• Instructions to follow
Do any lines in the data below contain "auto"? If so, copy every one of them.

Stored data entries:
____________

(* Let $a\geq 3$ and $m\geq 2a^2-a+2$ be integers. Every 2-coloring of $[C(m,a)]$ (with colors red and blue) in which both $a-2$ and $a-1$ are red admits a monochromatic solution of $L(m,a)$ in $[C(m,a)]$.
   Context: For integers $m\geq 3$, $a\geq 1$, $L(m,a)$ denotes the equation $x_1+x_2+\cdots+x_{m-1}=a x_m$. For a positive integer $n$, $[n]=\{1,\dots,n\}$. A solution of $L(m,a)$ in $[n]$ is an $m$-tuple $(x_1,\dots,x_m)\in[n]^m$ (entries not necessarily distinct) satisfying the equation; given a 2-coloring of $[n]$, it is monochromatic if all $x_i$ have the same color. $C(m,a)$ denotes $\left\lceil \frac{m-1}{a}\left\lceil \frac{m-1}{a}\right\rceil\right\rceil$. *)

theory Defs
  imports Complex_Main
begin

definition ceil_div :: "nat \<Rightarrow> nat \<Rightarrow> nat" where
  "ceil_div p q = nat (ceiling (real p / real q))"

definition Cma :: "nat \<Rightarrow> nat \<Rightarrow> nat" where
  "Cma m a = nat (ceiling ((real (m - 1) / real a) * real (ceil_div (m - 1) a)))"

definition is_solution :: "nat \<Rightarrow> nat \<Rightarrow> nat \<Rightarrow> (nat \<Rightarrow> nat) \<Rightarrow> bool" where
  "is_solution m a n x \<longleftrightarrow> (\<forall>i<m. x i \<in> {1..n}) \<and> (\<Sum>i<m - 1. x i) = a * x (m - 1)"

text \<open>A 2-coloring is a map col :: nat => bool (True = red, False = blue), relevant on [n].
  A solution is monochromatic if all entries get the same color.\<close>
definition monochromatic :: "(nat \<Rightarrow> bool) \<Rightarrow> nat \<Rightarrow> (nat \<Rightarrow> nat) \<Rightarrow> bool" where
  "monochromatic col m x \<longleftrightarrow> (\<forall>i<m. \<forall>j<m. col (x i) = col (x j))"

end

theory Submission imports Defs begin

(* Put k = m - 1, q = ceil(k/a) and C = Cma m a = ceil(kq/a), and
   suppose a red/blue colouring of [C] with a-2, a-1 red has no monochromatic solution of
   x_1 + ... + x_k = a x_{k+1}.  The basic tool is: if an interval [lo,hi] and two values w, z
   share a colour, then i copies of w plus k-i values from [lo,hi] can realise a*z as soon as
   i*w + (k-i)*lo <= a*z <= i*w + (k-i)*hi.  With it the colouring is forced step by step:
     (1) every y with k(a-2) <= a y <= k(a-1) is blue;
     (2) the interval [a-2, q-1] is red (induction, using (1) and a residue-class choice of y);
     (3) so is [1, a-2];
     (4) q and q+1 are blue, hence C is red;
     (5) finally C, C and [a-2, q-1] give a red solution -- a contradiction. *)

lemma solution_from_three_values:
  assumes ij: "i + j \<le> k"
    and range: "u1 \<in> {1..n}" "u2 \<in> {1..n}" "u3 \<in> {1..n}" "z \<in> {1..n}"
    and colours: "col u1 = col z" "col u2 = col z" "col u3 = col z"
    and eq: "i*u1 + j*u2 + (k-i-j)*u3 = a*z"
  shows "\<exists>x. is_solution (Suc k) a n x \<and> monochromatic col (Suc k) x"
proof -
  define x where
    "x = (\<lambda>p. if p < i then u1 else if p < i+j then u2 else if p < k then u3 else z)"
  have "(\<Sum>p<k. x p) = (\<Sum>p\<in>{0..<i}. x p) + (\<Sum>p\<in>{i..<i+j}. x p) + (\<Sum>p\<in>{i+j..<k}. x p)"
    using ij by (simp add: lessThan_atLeast0 sum.atLeastLessThan_concat)
  also have "(\<Sum>p\<in>{0..<i}. x p) = (\<Sum>p\<in>{0..<i}. u1)" by (rule sum.cong) (auto simp: x_def)
  also have "(\<Sum>p\<in>{i..<i+j}. x p) = (\<Sum>p\<in>{i..<i+j}. u2)" by (rule sum.cong) (auto simp: x_def)
  also have "(\<Sum>p\<in>{i+j..<k}. x p) = (\<Sum>p\<in>{i+j..<k}. u3)" by (rule sum.cong) (auto simp: x_def)
  finally have "(\<Sum>p<k. x p) = a*z" using eq by (simp add: mult.commute)
  then show ?thesis
    using range colours ij
    by (intro exI[of _ x]) (auto simp: is_solution_def monochromatic_def x_def)
qed

text \<open>Any s between n*lo and n*hi (n > 0) is a sum of n numbers from [lo,hi]; two distinct
  values suffice, namely floor(s/n) and possibly floor(s/n)+1.\<close>
lemma sum_of_values_in_interval:
  fixes n lo hi s :: nat
  assumes "0 < n" "n*lo \<le> s" "s \<le> n*hi"
  shows "\<exists>u v j. u \<in> {lo..hi} \<and> v \<in> {lo..hi} \<and> j \<le> n \<and> j*u + (n-j)*v = s"
proof -
  define b where "b = s div n"
  define e where "e = s mod n"
  have s: "s = n*b + e" by (simp add: b_def e_def)
  have en: "e < n" using assms(1) by (simp add: e_def)
  have "n*lo < n*(b+1)" using s en assms(2) by (simp add: algebra_simps)
  then have lob: "lo \<le> b" using mult_less_cancel1[of n lo "b+1"] by simp
  show ?thesis
  proof (cases "e = 0")
    case True
    then have "b \<le> hi" using s assms(1,3) by simp
    then show ?thesis using True s lob by (intro exI[of _ b] exI[of _ b] exI[of _ 0]) auto
  next
    case False
    then have "n*b < n*hi" using s assms(3) by linarith
    then have "b < hi" by simp
    moreover have "e*(b+1) + (n-e)*b = s" using s en by (simp add: algebra_simps diff_mult_distrib)
    ultimately show ?thesis using lob en by (intro exI[of _ "b+1"] exI[of _ b] exI[of _ e]) auto
  qed
qed

lemma solution_from_interval:
  assumes interval: "\<forall>y\<in>{lo..hi}. col y = c" and "1 \<le> lo" "hi \<le> n"
    and "col w = c" "col z = c" "w \<in> {1..n}" "z \<in> {1..n}" "i < k"
    and lower: "i*w + (k-i)*lo \<le> a*z" and upper: "a*z \<le> i*w + (k-i)*hi"
  shows "\<exists>x. is_solution (Suc k) a n x \<and> monochromatic col (Suc k) x"
proof -
  obtain u v j where uv: "u \<in> {lo..hi}" "v \<in> {lo..hi}" and j: "j \<le> k - i"
    and sum: "j*u + (k-i-j)*v = a*z - i*w"
  proof -
    have "(k-i)*lo \<le> a*z - i*w" "a*z - i*w \<le> (k-i)*hi" using lower upper by linarith+
    then show ?thesis
      using sum_of_values_in_interval[of "k-i" lo "a*z - i*w" hi] \<open>i < k\<close> that by auto
  qed
  have "col u = col z" "col v = col z" using uv interval assms(5) by auto
  moreover have "u \<in> {1..n}" "v \<in> {1..n}" using uv assms(2,3) by auto
  moreover have "i*w + j*u + (k-i-j)*v = a*z" using sum lower by simp
  ultimately show ?thesis
    using assms(4-8) j by (intro solution_from_three_values[of i j k w n u v z col a]) auto
qed

lemma ceil_div_bounds:
  fixes p b :: nat
  assumes b: "0 < b"
  shows "p \<le> b * ceil_div p b" "b * ceil_div p b < p + b"
proof -
  define c where "c = ceiling (real p / real b)"
  have "0 \<le> real p / real b" by simp
  then have c0: "0 \<le> c" unfolding c_def by linarith
  have h1: "real p / real b \<le> of_int c" and h2: "of_int c - 1 < real p / real b"
    using ceiling_correct[of "real p / real b"] by (auto simp: c_def)
  have rc: "real (ceil_div p b) = of_int c" using c0 by (simp add: ceil_div_def c_def)
  have "real p \<le> real b * real (ceil_div p b)"
    using h1 b rc by (simp add: divide_le_eq mult.commute)
  then show "p \<le> b * ceil_div p b" by (metis of_nat_le_iff of_nat_mult)
  have "real b * real (ceil_div p b) < real p + real b"
    using h2 b rc by (simp add: less_divide_eq algebra_simps)
  then show "b * ceil_div p b < p + b" by (metis of_nat_add of_nat_less_iff of_nat_mult)
qed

____________

• Completed task
  also have "(\<Sum>p\<in>{0..<i}. x p) = (\<Sum>p\<in>{0..<i}. u1)" by (rule sum.cong) (auto simp: x_def)
  also have "(\<Sum>p\<in>{i..<i+j}. x p) = (\<Sum>p\<in>{i..<i+j}. u2)" by (rule sum.cong) (auto simp: x_def)
  also have "(\<Sum>p\<in>{i+j..<k}. x p) = (\<Sum>p\<in>{i+j..<k}. u3)" by (rule sum.cong) (auto simp: x_def)
    by (intro exI[of _ x]) (auto simp: is_solution_def monochromatic_def x_def)
    then show ?thesis using True s lob by (intro exI[of _ b] exI[of _ b] exI[of _ 0]) auto
    ultimately show ?thesis using lob en by (intro exI[of _ "b+1"] exI[of _ b] exI[of _ e]) auto
      using sum_of_values_in_interval[of "k-i" lo "a*z - i*w" hi] \<open>i < k\<close> that by auto
  have "col u = col z" "col v = col z" using uv interval assms(5) by auto
  moreover have "u \<in> {1..n}" "v \<in> {1..n}" using uv assms(2,3) by auto
    using assms(4-8) j by (intro solution_from_three_values[of i j k w n u v z col a]) auto
    using ceiling_correct[of "real p / real b"] by (auto simp: c_def)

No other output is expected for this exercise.